Apart from this (standard) mode, there are also two other output modes.

🤖 Diff mode

  • Enabled using -b, --diff flag.
  • Respects --print* flags/options.
  • Ignores --no-trailing-delimiter flag.
  • Prints machine-readable transformations as results:
<input_value_1
>output_value_1
<input_value_2
>output_value_2
...
<input_value_N
>output_value_N

Such output can be processed by accompanying mvb and cpb utilities to perform bulk move/copy.

find -name '*.jpeg' | rew -b '{B}.jpg' | mvb # Rename all *.jpeg files to *.jpg
find -name '*.txt'  | rew -b '{}.bak'  | cpb # Make backup copy of each *.txt file

🌹 Pretty mode

  • Enabled using -p, --pretty flag.
  • Ignores --print* flags/options.
  • Ignores --no-trailing-delimiter flag.
  • Prints human-readable transformations as results:
input_value_1 -> output_value_1
input_value_2 -> output_value_2
...
input_value_N -> output_value_N

🔬 Comparison with similar tools

rew vs rename / prename

  • Unlike rename, rew can read input paths directly from standard input. Use of xargs to pass output of find or fd is not needed.
  • Unlike rename, rew is only a text-processing tool and it is unable to rename files. You have to use accompanying mvb / cpb utilities, or you can generate executable shell code.
find -name '*.jpeg' | xargs rename .jpeg .jpg      # Rename *.jpeg files to *.jpg
find -name '*.jpeg' | rew '{B}.jpg' -b | mvb       # Same thing using rew + mvb
find -name '*.jpeg' | rew 'mv "{}" "{B}.jpg"' | sh # Same thing using rew + mv + sh

rew vs sed / sd

  • Like sed or sd, rew is able to replace text using a regular expression.
echo "foo 123 bar" | sed -E 's/[^0-9]*([0-9]+).*/\1/' # Extract first number using sed
echo "foo 123 bar" | sd '\D*(\d+).*' '$1'    # Same thing using sd
echo "Foo 123 Bar" | rew '{s:\D*(\d+).*:$1}' # Same thing using rew (regex replace filter)
echo "Foo 123 Bar" | rew -e'(\d+)' '{1}'     # Same thing using rew (external regex)
echo "Foo 123 Bar" | rew '{=\d+}'            # Same thing using rew (regex match filter)

🚀 Examples

ℹ️ Use rew --explain <pattern> to print detailed explanation what a certain pattern does.

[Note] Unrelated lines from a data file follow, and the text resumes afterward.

(* Let $\boldsymbol{\mathcal{G}}=(\mathcal{V},\boldsymbol{\mathcal{E}},\mu(\cdot))$ be a stochastic digraph with vertex set $\mathbb{Z}_n$, edge sets $\mathcal{E}_1,\dots,\mathcal{E}_h$, and out-neighborhood map $H(x,w)=\{y:(x,y)\in\mathcal{E}_w\}$, such that there is no pair $(i,w)\in\mathbb{Z}_n\times\mathbb{Z}_h$ with $\mu(\{w\})>0$ and $H(i,w)=\emptyset$. Let $\mathcal{Q}\subset\mathbb{Z}_n$ and let $\check{\boldsymbol{\mathcal{G}}}$ be the augmented stochastic digraph on $\mathbb{Z}_{n+2}$ (with the same $\mu$) obtained by replacing, in each $\mathcal{E}_s$, every edge $(i,j)$ with $j\in\mathcal{Q}$ by the edge $(i,n+1)$, and adding the edges $(n+1,n+2)$ and $(n+2,n+2)$ to each $\mathcal{E}_s$. Let $\check H$ be its out-neighborhood map and consider the Markov decision process on states $\mathbb{Z}_{n+2}$ with action space $\mathcal{A}(i)$ at state $i$ equal to the set of tuples $a=(\xi_{1,a},\dots,\xi_{h,a})$ with $\xi_{w,a}\in\check H(i,w)$ for each $w$, transition probabilities $$\check p(j\mid i,a)=\sum_{w\in\{s\in\mathbb{Z}_h:\,\xi_{s,a}=j\}}\mu(\{w\}),$$ and reward $r(i,a,j)=\mathbb{I}_{\{n+1\}}(j)$. Let $v_\star$ be the optimal state-value function of this MDP, i.e., $v_\star(0,x)=0$ and $v_\star(k,x)=\max_{a\in\mathcal{A}(x)}\sum_{j}\check p(j\mid x,a)\big(r(x,a,j)+v_\star(k-1,j)\big)$ for $k\geqslant1$. Then for all $k\in\mathbb{Z}_{\geqslant0}$ and all $x\in\mathbb{Z}_n$, $$\mathfrak{R}_{\mathcal{Q}}(k,x)=v_\star(k,x),$$ where $\mathfrak{R}_{\mathcal{Q}}(k,x):=\sup_{\boldsymbol{x}\in\mathcal{S}(x)}\mathbb{P}\big(\exists\,t\in\{1,\dots,k\}:\boldsymbol{x}_t\in\mathcal{Q}\big)$ is the weak reachability probability.
   Context: A stochastic digraph is a triple $(\mathbb{Z}_n,\{\mathcal{E}_s\}_{s=1}^h,\mu)$ with $\mathcal{E}_s\subset\mathbb{Z}_n\times\mathbb{Z}_n$ and $\mu$ the common distribution of an i.i.d. sequence $\boldsymbol{w}_k:\Omega\to\mathbb{Z}_h$, $k\in\mathbb{Z}_{\geqslant0}$, on a probability space $(\Omega,\mathcal{F},\mathbb{P})$. A stochastic directed path from $x$ is a map $\omega\mapsto\{\boldsymbol{x}_k(\omega)\}_{k=0}^{\boldsymbol{K}(\omega)}$ with $\boldsymbol{x}_0=x$, $\boldsymbol{x}_{k+1}(\omega)\in H(\boldsymbol{x}_k(\omega),\boldsymbol{w}_k(\omega))$ for all $\omega$ and $k<\boldsymbol{K}(\omega)$, and with $\boldsymbol{x}_{k+1}$ measurable with respect to $\sigma(\boldsymbol{w}_0,\dots,\boldsymbol{w}_k)$ for each $k$. It is maximal if it cannot be extended; $\mathcal{S}(x)$ is the set of maximal stochastic directed paths from $x$. $\mathbb{I}_{A}$ denotes the indicator function of the set $A$. *)

theory Defs
  imports "HOL-Probability.Probability"
begin

text \<open>Conventions: Z_n = {1..n}, Z_h = {1..h}; edge sets E s for s in {1..h}.\<close>

definition out_nbhd :: "(nat \<Rightarrow> (nat \<times> nat) set) \<Rightarrow> nat \<Rightarrow> nat \<Rightarrow> nat set" where
  "out_nbhd E x s = {y. (x, y) \<in> E s}"

definition aug_edges :: "nat \<Rightarrow> nat set \<Rightarrow> (nat \<Rightarrow> (nat \<times> nat) set) \<Rightarrow> nat \<Rightarrow> (nat \<times> nat) set" where
  "aug_edges n Q E s =
     {(i, j) | i j. (i, j) \<in> E s \<and> j \<notin> Q} \<union> {(i, n + 1) | i j. (i, j) \<in> E s \<and> j \<in> Q}
     \<union> {(n + 1, n + 2), (n + 2, n + 2)}"

text \<open>Action set: tuples (xi_1,...,xi_h), represented as lists of length h
  (xi_w = a ! (w - 1)) with xi_w in the augmented out-neighbourhood.  When that
  neighbourhood is empty (only possible if mu w = 0) the component is unconstrained
  within the state space.\<close>
definition mdp_actions :: "nat \<Rightarrow> nat \<Rightarrow> nat set \<Rightarrow> (nat \<Rightarrow> (nat \<times> nat) set) \<Rightarrow> nat \<Rightarrow> nat list set" where
  "mdp_actions n h Q E i =
     {a. length a = h \<and>
         (\<forall>w\<in>{1..h}. a ! (w - 1) \<in>
            (if out_nbhd (aug_edges n Q E) i w = {} then {1..n+2}
             else out_nbhd (aug_edges n Q E) i w))}"

definition mdp_trans :: "nat \<Rightarrow> (nat \<Rightarrow> real) \<Rightarrow> nat \<Rightarrow> nat list \<Rightarrow> real" where
  "mdp_trans h mu j a = (\<Sum>w\<in>{s\<in>{1..h}. a ! (s - 1) = j}. mu w)"

definition mdp_reward :: "nat \<Rightarrow> nat \<Rightarrow> real" where
  "mdp_reward n j = indicator {n + 1} j"

fun v_star :: "nat \<Rightarrow> nat \<Rightarrow> nat set \<Rightarrow> (nat \<Rightarrow> (nat \<times> nat) set) \<Rightarrow> (nat \<Rightarrow> real) \<Rightarrow> nat \<Rightarrow> nat \<Rightarrow> real" where
  "v_star n h Q E mu 0 x = 0"
| "v_star n h Q E mu (Suc k) x =
     Max ((\<lambda>a. \<Sum>j\<in>{1..n+2}. mdp_trans h mu j a * (mdp_reward n j + v_star n h Q E mu k j))
          ` mdp_actions n h Q E x)"

text \<open>Stochastic directed path from x0: X k is the k-th vertex, K the (random) length.
  X (Suc k) is measurable w.r.t. sigma(w_0,...,w_k).\<close>
definition stoch_path ::
  "'a measure \<Rightarrow> (nat \<Rightarrow> 'a \<Rightarrow> nat) \<Rightarrow> (nat \<Rightarrow> nat \<Rightarrow> nat set) \<Rightarrow> nat
   \<Rightarrow> (nat \<Rightarrow> 'a \<Rightarrow> nat) \<Rightarrow> ('a \<Rightarrow> enat) \<Rightarrow> bool" where
  "stoch_path M w H x0 X K \<longleftrightarrow>
     (\<forall>\<omega>\<in>space M. X 0 \<omega> = x0) \<and>
     (\<forall>\<omega>\<in>space M. \<forall>k. enat k < K \<omega> \<longrightarrow> X (Suc k) \<omega> \<in> H (X k \<omega>) (w k \<omega>)) \<and>
     (\<forall>k. X (Suc k) \<in> measurable
           (vimage_algebra (space M) (\<lambda>\<omega>. map (\<lambda>i. w i \<omega>) [0..<Suc k]) (count_space UNIV))
           (count_space UNIV))"

definition maximal_path ::
  "'a measure \<Rightarrow> (nat \<Rightarrow> 'a \<Rightarrow> nat) \<Rightarrow> (nat \<Rightarrow> nat \<Rightarrow> nat set)
   \<Rightarrow> (nat \<Rightarrow> 'a \<Rightarrow> nat) \<Rightarrow> ('a \<Rightarrow> enat) \<Rightarrow> bool" where
  "maximal_path M w H X K \<longleftrightarrow>
     (\<forall>\<omega>\<in>space M. \<forall>k. K \<omega> = enat k \<longrightarrow> H (X k \<omega>) (w k \<omega>) = {})"

definition weak_reach ::
  "'a measure \<Rightarrow> (nat \<Rightarrow> 'a \<Rightarrow> nat) \<Rightarrow> (nat \<Rightarrow> nat \<Rightarrow> nat set) \<Rightarrow> nat set \<Rightarrow> nat \<Rightarrow> nat \<Rightarrow> real" where
  "weak_reach M w H Q k x0 =
     Sup {measure M {\<omega>\<in>space M. \<exists>t\<in>{1..k}. enat t \<le> K \<omega> \<and> X t \<omega> \<in> Q} | X K.
            stoch_path M w H x0 X K \<and> maximal_path M w H X K}"

end

theory Submission
  imports Defs
begin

Print contents of working directory as absolute paths.

rew '{a}' *    # Paths are passed as arguments, wildcard expansion is done by shell
ls | rew '{a}' # Paths are read from standard input

Rename all *.jpeg files to *.jpg.

find -name '*.jpeg' | rew -b '{B}.jpg' | mvb -v

Same thing but we use rew to generate executable shell code.

find -name '*.jpeg' | rew 'mv -v "{}" "{B}.jpg"' | sh

Make backup copy of each *.txt file with .txt.bak extension in the same directory.

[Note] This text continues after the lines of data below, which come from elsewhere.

lemma hess2_eq_0_total_degree_le:
  assumes pK: "poly2 K" and HK: "\<And>\<mu>. hess2 K \<mu> = 0" and r: "r \<ge> 2"
    and bound: "\<And>m. m \<in> supp2 K \<Longrightarrow> snd m \<le> r" and top: "(0, r) \<in> supp2 K"
    and m: "m \<in> supp2 K"
  shows "fst m + snd m \<le> r"
proof (cases "\<exists>m0\<in>supp2 K. snd m0 < r \<and> fst m0 + snd m0 \<ge> r")
  case True
  then show ?thesis using hess2_eq_0_steep_point[OF pK HK r bound top] m by blast
next
  case False
  moreover have "snd m = r \<Longrightarrow> fst m = 0"
    using hess2_eq_0_top_row[OF pK HK _ bound, of "fst m"] m r by (cases m) auto
  ultimately show ?thesis using m bound[OF m] by (cases "snd m < r") auto
qed

section \<open>Linear changes of variables\<close>

lemma has_real_derivative_eval2_line:
  assumes "poly2 K"
  shows "((\<lambda>t. eval2 K (x0 + a * t) (y0 + c * t)) has_real_derivative
          a * eval2 (dx2 K) (x0 + a * t) (y0 + c * t) + c * eval2 (dy2 K) (x0 + a * t) (y0 + c * t)) (at t)"
proof -
  have "((\<lambda>t. \<Sum>m\<in>supp2 K. K m * (x0 + a * t) ^ fst m * (y0 + c * t) ^ snd m) has_real_derivative
     (\<Sum>m\<in>supp2 K. K m * (real (fst m) * (x0 + a * t) ^ (fst m - 1) * a) * (y0 + c * t) ^ snd m
          + K m * (x0 + a * t) ^ fst m * (real (snd m) * (y0 + c * t) ^ (snd m - 1) * c))) (at t)"
    by (rule DERIV_sum) (rule derivative_eq_intros refl | simp)+
  moreover have "(\<Sum>m\<in>supp2 K. K m * (real (fst m) * (x0 + a * t) ^ (fst m - 1) * a) * (y0 + c * t) ^ snd m
          + K m * (x0 + a * t) ^ fst m * (real (snd m) * (y0 + c * t) ^ (snd m - 1) * c))
      = a * eval2 (dx2 K) (x0 + a * t) (y0 + c * t) + c * eval2 (dy2 K) (x0 + a * t) (y0 + c * t)"
    unfolding eval2_dx2[OF assms] eval2_dy2[OF assms]
    by (simp add: sum.distrib sum_distrib_left mult_ac)
  ultimately show ?thesis by (simp add: eval2_def)
qed

lemma eval2_partials_linear_subst:
  assumes pK: "poly2 K" and pK': "poly2 K'"
    and eq: "\<And>x y. eval2 K' x y = eval2 K (a*x + b*y) (c*x + d*y)"
  shows "eval2 (dx2 K') x y = eval2 (lin2 a (dx2 K) c (dy2 K)) (a*x + b*y) (c*x + d*y)"
    and "eval2 (dy2 K') x y = eval2 (lin2 b (dx2 K) d (dy2 K)) (a*x + b*y) (c*x + d*y)"
proof -
  have "(\<lambda>t. eval2 K' t y) = (\<lambda>t. eval2 K (b*y + a*t) (d*y + c*t))"
    by (simp add: eq algebra_simps)
  then have "eval2 (dx2 K') x y = a * eval2 (dx2 K) (b*y + a*x) (d*y + c*x) + c * eval2 (dy2 K) (b*y + a*x) (d*y + c*x)"
    using has_real_derivative_eval2_x[OF pK', of y x] has_real_derivative_eval2_line[OF pK, of "b*y" a "d*y" c x]
    by (metis DERIV_unique)
  then show "eval2 (dx2 K') x y = eval2 (lin2 a (dx2 K) c (dy2 K)) (a*x + b*y) (c*x + d*y)"
    by (simp add: eval2_lin2 poly2_dx2 poly2_dy2 pK add.commute)
  have "(\<lambda>t. eval2 K' x t) = (\<lambda>t. eval2 K (a*x + b*t) (c*x + d*t))"
    by (simp add: eq)
  then have "eval2 (dy2 K') x y = b * eval2 (dx2 K) (a*x + b*y) (c*x + d*y) + d * eval2 (dy2 K) (a*x + b*y) (c*x + d*y)"
    using has_real_derivative_eval2_y[OF pK', of x y] has_real_derivative_eval2_line[OF pK, of "a*x" b "c*x" d y]
    by (metis DERIV_unique)
  then show "eval2 (dy2 K') x y = eval2 (lin2 b (dx2 K) d (dy2 K)) (a*x + b*y) (c*x + d*y)"
    by (simp add: eval2_lin2 poly2_dx2 poly2_dy2 pK)
qed

text \<open>By the chain rule the Hessian determinant picks up the factor \<open>(a d - b c)^2\<close>.\<close>
lemma hess2_linear_subst_eq_0:
  assumes pK: "poly2 K" and pK': "poly2 K'" and HK: "\<And>\<mu>. hess2 K \<mu> = 0"
    and eq: "\<And>x y. eval2 K' x y = eval2 K (a*x + b*y) (c*x + d*y)"
  shows "hess2 K' \<mu> = 0"
proof -
  have "eval2 (hess2 K') x y = 0" for x y
  proof -
    define u where "u = a*x + b*y"
    define v where "v = c*x + d*y"
    define X where "X = eval2 (dx2 (dx2 K)) u v"
    define Y where "Y = eval2 (dy2 (dy2 K)) u v"
    define Z where "Z = eval2 (dx2 (dy2 K)) u v"
    have lx: "poly2 (lin2 a (dx2 K) c (dy2 K))" and ly: "poly2 (lin2 b (dx2 K) d (dy2 K))"
      by (simp_all add: poly2_lin2 poly2_dx2 poly2_dy2 pK)
    note dx = eval2_partials_linear_subst[OF pK pK' eq]
    have "eval2 (dx2 (dx2 K')) x y = a * (a * X + c * Z) + c * (a * Z + c * Y)"
      using eval2_partials_linear_subst(1)[OF lx poly2_dx2[OF pK'] dx(1), of x y]
      unfolding dx2_lin2 dy2_lin2 dx2_dy2_commute u_def[symmetric] v_def[symmetric] X_def Y_def Z_def
      by (simp add: eval2_lin2 poly2_lin2 poly2_dx2 poly2_dy2 pK)
    moreover have "eval2 (dy2 (dy2 K')) x y = b * (b * X + d * Z) + d * (b * Z + d * Y)"
      using eval2_partials_linear_subst(2)[OF ly poly2_dy2[OF pK'] dx(2), of x y]
      unfolding dx2_lin2 dy2_lin2 dx2_dy2_commute u_def[symmetric] v_def[symmetric] X_def Y_def Z_def
      by (simp add: eval2_lin2 poly2_lin2 poly2_dx2 poly2_dy2 pK)
    moreover have "eval2 (dx2 (dy2 K')) x y = a * (b * X + d * Z) + c * (b * Z + d * Y)"
      using eval2_partials_linear_subst(1)[OF ly poly2_dy2[OF pK'] dx(2), of x y]
      unfolding dx2_lin2 dy2_lin2 dx2_dy2_commute u_def[symmetric] v_def[symmetric] X_def Y_def Z_def
      by (simp add: eval2_lin2 poly2_lin2 poly2_dx2 poly2_dy2 pK)
    ultimately have "eval2 (hess2 K') x y = (a*d - b*c)^2 * (X * Y - Z^2)"
      by (simp add: eval2_hess2[OF pK'] power2_eq_square algebra_simps)
    also have "X * Y - Z^2 = 0"
      using eval2_zero[of "hess2 K", OF HK] by (simp add: X_def Y_def Z_def eval2_hess2[OF pK, symmetric])
    finally show ?thesis by simp
  qed
  then show ?thesis using poly2_coeff_eq_0_if_eval2_eq_0[OF poly2_hess2[OF pK']] by blast
qed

find -name '*.txt'  | rew -b '{}.bak'  | cpb -v

Copy *.txt files (keep directory structure) to the ~/Backup directory.

find -name '*.txt'  | rew -b "$HOME/Backup/{p}"  | cpb -v

Copy *.txt files (flatten directory structure) to the ~/Backup directory.

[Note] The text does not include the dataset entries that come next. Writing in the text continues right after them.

text \<open>Finite simple graphs on a finite vertex type 'a, given by an adjacency relation E.\<close>

definition simple_graph :: "('a \<Rightarrow> 'a \<Rightarrow> bool) \<Rightarrow> bool" where
  "simple_graph E \<longleftrightarrow> (\<forall>x y. E x y \<longrightarrow> E y x) \<and> (\<forall>x. \<not> E x x)"

definition cubic :: "('a \<Rightarrow> 'a \<Rightarrow> bool) \<Rightarrow> bool" where
  "cubic E \<longleftrightarrow> (\<forall>x. card {y. E x y} = 3)"

definition automorphisms :: "('a \<Rightarrow> 'a \<Rightarrow> bool) \<Rightarrow> ('a \<Rightarrow> 'a) set" where
  "automorphisms E = {g. bij g \<and> (\<forall>x y. E x y \<longleftrightarrow> E (g x) (g y))}"

definition vertex_transitive :: "('a \<Rightarrow> 'a \<Rightarrow> bool) \<Rightarrow> bool" where
  "vertex_transitive E \<longleftrightarrow> (\<forall>x y. \<exists>g\<in>automorphisms E. g x = y)"

definition adj_matrix :: "('a::finite \<Rightarrow> 'a \<Rightarrow> bool) \<Rightarrow> real^'a^'a" where
  "adj_matrix E = (\<chi> i j. if E i j then 1 else 0)"

definition eigenspace :: "real^'a^'a \<Rightarrow> real \<Rightarrow> (real^'a) set" where
  "eigenspace A c = {v. A *v v = c *\<^sub>R v}"

definition simple_eigenvalue :: "real^'a^'a \<Rightarrow> real \<Rightarrow> bool" where
  "simple_eigenvalue A c \<longleftrightarrow> dim (eigenspace A c) = 1"

definition induced_adj :: "('a \<Rightarrow> 'a \<Rightarrow> bool) \<Rightarrow> 'a set \<Rightarrow> 'a \<Rightarrow> 'a \<Rightarrow> bool" where
  "induced_adj E S u v \<longleftrightarrow> E u v \<and> u \<in> S \<and> v \<in> S"

definition component :: "('a \<Rightarrow> 'a \<Rightarrow> bool) \<Rightarrow> 'a set \<Rightarrow> 'a \<Rightarrow> 'a set" where
  "component E S x = {y. (induced_adj E S)\<^sup>*\<^sup>* x y}"

definition induces_cycle :: "('a \<Rightarrow> 'a \<Rightarrow> bool) \<Rightarrow> 'a set \<Rightarrow> nat \<Rightarrow> bool" where
  "induces_cycle E C k \<longleftrightarrow> k \<ge> 3 \<and> (\<exists>vs. length vs = k \<and> distinct vs \<and> set vs = C \<and>
     (\<forall>u\<in>C. \<forall>v\<in>C. E u v \<longleftrightarrow>
        (\<exists>i<k. (u = vs ! i \<and> v = vs ! ((i + 1) mod k)) \<or> (v = vs ! i \<and> u = vs ! ((i + 1) mod k)))))"

definition union_of_equal_cycles :: "('a \<Rightarrow> 'a \<Rightarrow> bool) \<Rightarrow> 'a set \<Rightarrow> bool" where
  "union_of_equal_cycles E S \<longleftrightarrow> (\<exists>k. \<forall>x\<in>S. induces_cycle E (component E S x) k)"

definition induced_isomorphic :: "('a \<Rightarrow> 'a \<Rightarrow> bool) \<Rightarrow> 'a set \<Rightarrow> 'a set \<Rightarrow> bool" where
  "induced_isomorphic E S T \<longleftrightarrow>
     (\<exists>f. bij_betw f S T \<and> (\<forall>x\<in>S. \<forall>y\<in>S. E x y \<longleftrightarrow> E (f x) (f y)))"

definition block :: "('a \<Rightarrow> 'a) set \<Rightarrow> 'a set \<Rightarrow> bool" where
  "block G B \<longleftrightarrow> B \<noteq> {} \<and> (\<forall>g\<in>G. g ` B = B \<or> g ` B \<inter> B = {})"

definition two_regular_induced :: "('a \<Rightarrow> 'a \<Rightarrow> bool) \<Rightarrow> 'a set \<Rightarrow> bool" where
  "two_regular_induced E S \<longleftrightarrow> (\<forall>x\<in>S. card {y\<in>S. E x y} = 2)"

definition two_partition :: "'a set \<Rightarrow> 'a set \<Rightarrow> bool" where
  "two_partition P Q \<longleftrightarrow> P \<noteq> {} \<and> Q \<noteq> {} \<and> P \<inter> Q = {} \<and> P \<union> Q = UNIV"

definition edges :: "('a \<Rightarrow> 'a \<Rightarrow> bool) \<Rightarrow> 'a set set" where
  "edges E = {{x, y} | x y. E x y}"

definition perfect_matching :: "('a \<Rightarrow> 'a \<Rightarrow> bool) \<Rightarrow> 'a set set \<Rightarrow> bool" where
  "perfect_matching E M \<longleftrightarrow> M \<subseteq> edges E \<and> (\<forall>v. \<exists>!e. e \<in> M \<and> v \<in> e)"

end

find -name '*.txt'  | rew -b "$HOME/Backup/{f}"  | cpb -v

Same thing but we append randomly generated suffix after base name to avoid name collisions.

find -name '*.txt'  | rew -b "$HOME/Backup/{b}_{U}.{e}"  | cpb -v

Flatten directory structure ./dir/subdir/ to ./dir_subdir/.

find -mindepth 2 -maxdepth 2 -type d | rew -b '{D}_{f}' | mvb -v

Normalize base names of files to file_001, file_002, ...

find -type f | rew -b '{d}/file_{C|<3:0}{E}' | mvb -v

Print the first word of each line with removed diacritics (accents).

rew '{=\S+|i}' <input.txt

Swap the first and second column in a CSV file.

rew -e'([^:]*):([^:]*):(.*)' '{2}:{1}:{3}' <input.csv >output.csv

Same thing but we use regex replace filter.

rew '{s/([^:]*):([^:]*):(.*)/$2:$1:$3}' <input.csv >output.csv

Print PATH variable entries as lines.

echo "$PATH" | rew -d: # PATH entries are delimited by ':'

Replace tabs with 4 spaces in a file.

rew -rR '{R:#t:    }' <input.txt >output.txt # Read/write file content as a whole

Normalize line endings in a file to LF.

rew <input.txt >output.txt # LF is the default output delimiter

Normalize line endings in a file to CR+LF.

rew -D$'\r\n'   <input.txt >output.txt # CR+LF delimiter using -D option
rew -R '{}#r#n' <input.txt >output.txt # CR+LF delimiter inside pattern

📄 License

Rew is licensed under the MIT license.